No solo necesitamos aprender los símbolos de pantallas, mandos y botones. También la forma física o las posibilidades de la máquina han de aprenderse. A veces eso se olvida. Mi hermano me comenta, por ejemplo, que la nueva videoconsola de sus hijos se distribuye con un mero folleto de recomendaciones de seguridad y características técnicas donde ni siquiera dice dónde está la ranura para tarjetas SD, ni cómo activar el control parental. Toda esa información extra hay que buscarla enla red.

Ni en los años ochenta ni en los primeros noventa se confiaba en la intuición del usuario. Los aparatos se vendían con gruesos manuales, volúmenes que costaba dinero redactar, imprimir y distribuir. Mi primer ordenador, un Spectrum 48K traía la ZX Spectrum Basic Programming, un grueso tomo, encuadernado en espiral, con un tutorial de programación más una referencia sobre aspectos más técnicos, tales como los códigos de instrucción del procesador Z80; eso sí, en inglés. El siguiente ordenador Sinclair traía un bonito cuaderno impreso en papel couché a todo color (¡y en español!) del que se habían eliminado los aspectos más técnicos, asumiendo que el usuario raramente iba a querer programar en aquella máquina dirigida al mercado del videojuego. De explicar los entresijos del ordenador (y de paso algún concepto matemático: ahí tuve mi primer contacto con la trigonometría a los 14 años), prácticamente se pasaba al «LOAD ""⏎» (aunque he visto que en la versión en inglés esto no era así).

Algo parecido ocurrió con mis primeras impresoras. Entre 1990 y 1993, los manuales de mi matricial Olivetti y de su sucesora, una HP de inyección, traían la descripción de todos los códigos de escape, por si acaso el usuario necesitaba programar su propio driver (porque algunos procesadores de texto de la época, como WordPerfect 5, asumían que quizá el usuario se viera en la necesidad de hacerlo). No solo eso: mi HP Deskjet 500C, asumiendo que en la época las impresoras en color eran raras, traía un Manual para uso del color con recomendaciones tales como evitar tonos similares para distinguir valores en los gráficos, o combinar color y signos de manera que los daltónicos pudiéramos reconocerlos. Mi siguiente impresora (comprada no porque la 500C muriese, sino porque era grande, lenta y ruidosa y no permitía imprimir simultáneamente en color y negro) solo traía un manual de instalación y solución de problemas.

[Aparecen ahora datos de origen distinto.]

(* Let $K$ be a field, $P=K[x_1,\dots,x_n]$, $X=\{x_1,\dots,x_n\}$, $I\subseteq\mathfrak M=\langle x_1,\dots,x_n\rangle$ an ideal, and $Z\subseteq X$ a set of $s$ distinct indeterminates such that $I$ contains a coherently $Z$-separating tuple $(f_1,\dots,f_s)$. If $s=\dim_K(\mathrm{Lin}_{\mathfrak M}(I))$, then $\mathrm{edim}(P/I)=n-s$ and the $Z$-separating re-embedding $\Phi:P/I\to\widehat P/(I\cap\widehat P)$, $\widehat P=K[X\setminus Z]$, is an optimal re-embedding (i.e., every $K$-algebra isomorphism $P/I\cong P''/I''$ with $P''$ a polynomial ring over $K$ satisfies $\dim P''\ge n-s$).
   Context: For $f\in\mathfrak M$, $\mathrm{Lin}_{\mathfrak M}(f)$ is the homogeneous degree-one part of $f$, and $\mathrm{Lin}_{\mathfrak M}(I)=\langle\mathrm{Lin}_{\mathfrak M}(f)\mid f\in I\rangle_K$. For $f\in P$, $\mathrm{indets}(f)$ is the set of indeterminates dividing some term in the support of $f$; for $f\in\mathfrak M$ with $z$ occurring in $\mathrm{Lin}_{\mathfrak M}(f)$ and $c\neq0$ the coefficient of $z$ in $f$, $\mathrm{tail}_z(f)=z-\frac1cf$, and $f$ is $z$-separating if $z\notin\mathrm{indets}(\mathrm{tail}_z(f))$. A tuple $(f_1,\dots,f_s)$ of nonzero elements of $\mathfrak M$ is coherently $Z$-separating ($Z=\{z_1,\dots,z_s\}$) if each $f_i$ is $z_i$-separating and $z_i\notin\mathrm{indets}(f_j)$ for $j\ne i$. The $Z$-separating re-embedding is the $K$-algebra isomorphism $P/I\to\widehat P/(I\cap\widehat P)$ induced by $x\mapsto x$ for $x\notin Z$ and $z_i\mapsto\mathrm{tail}_{z_i}(f_i)$. $\mathrm{edim}(P/I)$ is the minimal $m$ with $P/I\cong K[y_1,\dots,y_m]/I'$ for some ideal $I'$. *)

theory Defs
  imports "HOL.Vector_Spaces" "HOL-Library.Poly_Mapping" "HOL-Algebra.QuotRing"
begin

text \<open>Multivariate polynomials over a field 'k: indeterminates are indexed by natural
  numbers, monomials are finitely supported exponent vectors nat \<Rightarrow>0 nat.\<close>

type_synonym 'k mpoly = "(nat \<Rightarrow>\<^sub>0 nat) \<Rightarrow>\<^sub>0 'k"

definition Const :: "'k::field \<Rightarrow> 'k mpoly" where
  "Const c = Poly_Mapping.single 0 c"

definition Var :: "nat \<Rightarrow> 'k::field mpoly" where
  "Var v = Poly_Mapping.single (Poly_Mapping.single v 1) 1"

definition indets :: "'k::field mpoly \<Rightarrow> nat set" where
  "indets f = \<Union> ((\<lambda>m::nat \<Rightarrow>\<^sub>0 nat. Poly_Mapping.keys m) ` Poly_Mapping.keys f)"

definition polyring :: "nat set \<Rightarrow> 'k::field mpoly ring" where
  "polyring V = \<lparr>carrier = {p. indets p \<subseteq> V}, monoid.mult = (*), one = 1,
                  zero = 0, add = (+)\<rparr>"

definition maxideal :: "nat set \<Rightarrow> 'k::field mpoly set" where
  "maxideal V = {p \<in> carrier (polyring V). Poly_Mapping.lookup p 0 = 0}"

definition mdeg :: "(nat \<Rightarrow>\<^sub>0 nat) \<Rightarrow> nat" where
  "mdeg m = (\<Sum>v\<in>Poly_Mapping.keys m. Poly_Mapping.lookup m v)"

Puede pensarse que los manuales desaparecieron porque dejaron de ser necesarios. Tengo por casa el de un ordenador Fujitsu Senda 16 de 1990. Trae las informaciones sobre hardware propias del manual de una placa base (interrupciones del sistema, puertos de entrada salida de la arquitectura ISA, etcétera), más un suplemento enseñando cómo usar el sistema operativo (el farragoso MS-DOS) y otro explicando los rudimentos de GW-Basic. Un montón de información que el usuario de un pc actual o una tablet no necesitaría.

En efecto: a medida que iba simplificándose el manejo de los ordenadores, los manuales se sustituyeron por programas de ayuda en pantalla, que normalmente pasaban de puntillas sobre los aspectos más técnicos. Y a día de hoy, incluso esos manuales en pantalla han desaparecido: Office y Openoffice confían en la "ayuda en red", que está siempre al día... pero que desaparece cuando la versión del programa queda obsoleta. Y además esquiva las cuestiones más técnicas. Recuerdo buscar en tutoriales ajenos a Microsoft cómo usar el formato en campos combinados en Word, porque quienes hicieron la ayuda en línea habían supuesto que los pocos que usaban la combinación de correspondencia lo harían para nombres, apellidos y direcciones, nunca con cifras.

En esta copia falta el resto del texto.